Figure 2: Layer 2 and Layer 3 managed switches enable users to logically segment areas of control, as shown by the colored groupings.
Once users think beyond traditional geographic boundaries, they can start engineering some truly innovative logical network architectures, freeing network design from the constraints of physical layout. Taking advantage of this new segmentation methodology combines the simplicity and maintainability of many individual networks with the power and flexibility of a single network design.
This is where industrial Layer 3 switching technology plays a vital role in communicating and routing traffic. A Layer 3 switch can route traffic between and across VLANs based on IP addresses. This enables a more flexible segmentation model that directs traffic only to where it is needed.

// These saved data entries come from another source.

lemma scheme_S1_modified_energy_decay:
  assumes sch: "scheme_S1 \<Omega> emb Rey \<kappa> T N B u p J \<phi> q"
    and n: "n < N" and T: "T > 0" and u0: "Lp 2 \<Omega> (u 0)"
  defines "\<tau> \<equiv> T / real N"
  shows "modified_energy \<Omega> u q (Suc n) + 2 * \<tau> * dissipation \<Omega> Rey \<kappa> T u J q (Suc n)
           \<le> modified_energy \<Omega> u q n"
proof -
  have \<tau>: "\<tau> > 0" using T n by (simp add: \<tau>_def)
  have "nrm2 \<Omega> (u (Suc n)) - nrm2 \<Omega> (u n) \<le> 2 * ip \<Omega> (\<lambda>x. u (Suc n) x - u n x) (u (Suc n))"
    using n by (intro nrm2_diff_le_ip scheme_S1_velocity_Lp_2[OF sch u0]) auto
  also have "\<dots> = 2 * \<tau> * ip \<Omega> (\<lambda>x. (1 / \<tau>) *\<^sub>R (u (Suc n) x - u n x)) (u (Suc n))"
    using \<tau> by (simp add: ip_scaleR_left)
  finally have velocity:
    "nrm2 \<Omega> (u (Suc n)) - nrm2 \<Omega> (u n)
       \<le> 2 * \<tau> * ip \<Omega> (\<lambda>x. (1 / \<tau>) *\<^sub>R (u (Suc n) x - u n x)) (u (Suc n))" .
  have "\<bar>q (Suc n)\<bar>\<^sup>2 - \<bar>q n\<bar>\<^sup>2 \<le> 2 * ((q (Suc n) - q n) * q (Suc n))"
    using norm_sq_diff_le_inner[of "q (Suc n)" "q n"] by simp
  also have "\<dots> = 2 * \<tau> * (q (Suc n) * ((q (Suc n) - q n) / \<tau>))"
    using \<tau> by simp
  finally have auxiliary:
    "\<bar>q (Suc n)\<bar>\<^sup>2 - \<bar>q n\<bar>\<^sup>2 \<le> 2 * \<tau> * (q (Suc n) * ((q (Suc n) - q n) / \<tau>))" .
  have "2 * \<tau> * (ip \<Omega> (\<lambda>x. (1 / \<tau>) *\<^sub>R (u (Suc n) x - u n x)) (u (Suc n))
      + q (Suc n) * ((q (Suc n) - q n) / \<tau>) + dissipation \<Omega> Rey \<kappa> T u J q (Suc n)) = 0"
    using scheme_S1_energy_identity[OF sch n] by (simp add: \<tau>_def)
  then show ?thesis
    using velocity auxiliary unfolding modified_energy_def by (simp add: distrib_left)
qed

There are a number of routing protocols that have been developed that allow Layer 3 switches and routers to reliably route packets to their destination based on IP address. These routing protocols allow various devices to communicate and maintain viable routes between each other so that packets can always be forwarded if a viable path exists even as connections or devices fail.
The choice of routing protocol, and the configuration and maintenance of the Layer 3 switches and routers typically raise a point of contention between manufacturing and IT personnel. Control engineers require Ethernet switches to meet the functional and environmental requirements of manufacturing, such as ease of use, maintainability and use in harsh or hazardous locations. Meanwhile, IT professionals prefer Ethernet switches that support their infrastructure and security strategies, and use the same software and programming tools that they already are familiar with. Because EtherNet/IP uses Standard Ethernet and IP services, users don’t need special switches or proxies to route data between VLANs and subnets. In addition, both IT and control engineers work with the tools and products they are comfortable using.
Technology Commonality
Fortunately, advances in industrial Ethernet switch technology are providing the functionality and tool sets that address the needs of both manufacturing and IT. Case in point: The Allen‚ÄëBradley® Stratix 8300™ Layer 3 managed industrial switch from Rockwell Automation. The switch uses the Cisco Catalyst operating system and can be programmed using Cisco’s command line interface (CLI), providing IT engineers with the same programming and configuration tools they already use today.
The Stratix 8300 switch also can be programmed using the Rockwell Software® RSLogix™ 5000 software, a design environment that is very familiar to manufacturing and control engineers.
With its support of inter-VLAN routing and advanced routing protocols, the industrially hardened Stratix 8300 switch allows users to integrate multiple Cell/Area zones across the plant and facilitate secure integration with networks at the manufacturing and enterprise levels.
The industrial hardening and modular port count of the Stratix 8300 offers more freedom to locate the switch closer to the application, and provides an economical solution to create smaller network segments when needed. Its Cisco technology enables the Stratix 8300 to easily complement existing Cisco switches and routers and Allen-Bradley’s Stratix 8000 layer 2 industrial counterparts.
The converged EtherNet/IP model provides manufacturers with increased access to plant-floor data, helping them make more accurate, informed decisions while optimizing internal assets and resources. With all devices connected to the common network infrastructure, network security and access management is simplified. At the same time, having common programming and configuration tools for both manufacturing and IT encourages greater collaboration, allowing them to coexist and work toward the common goals and objectives of their business.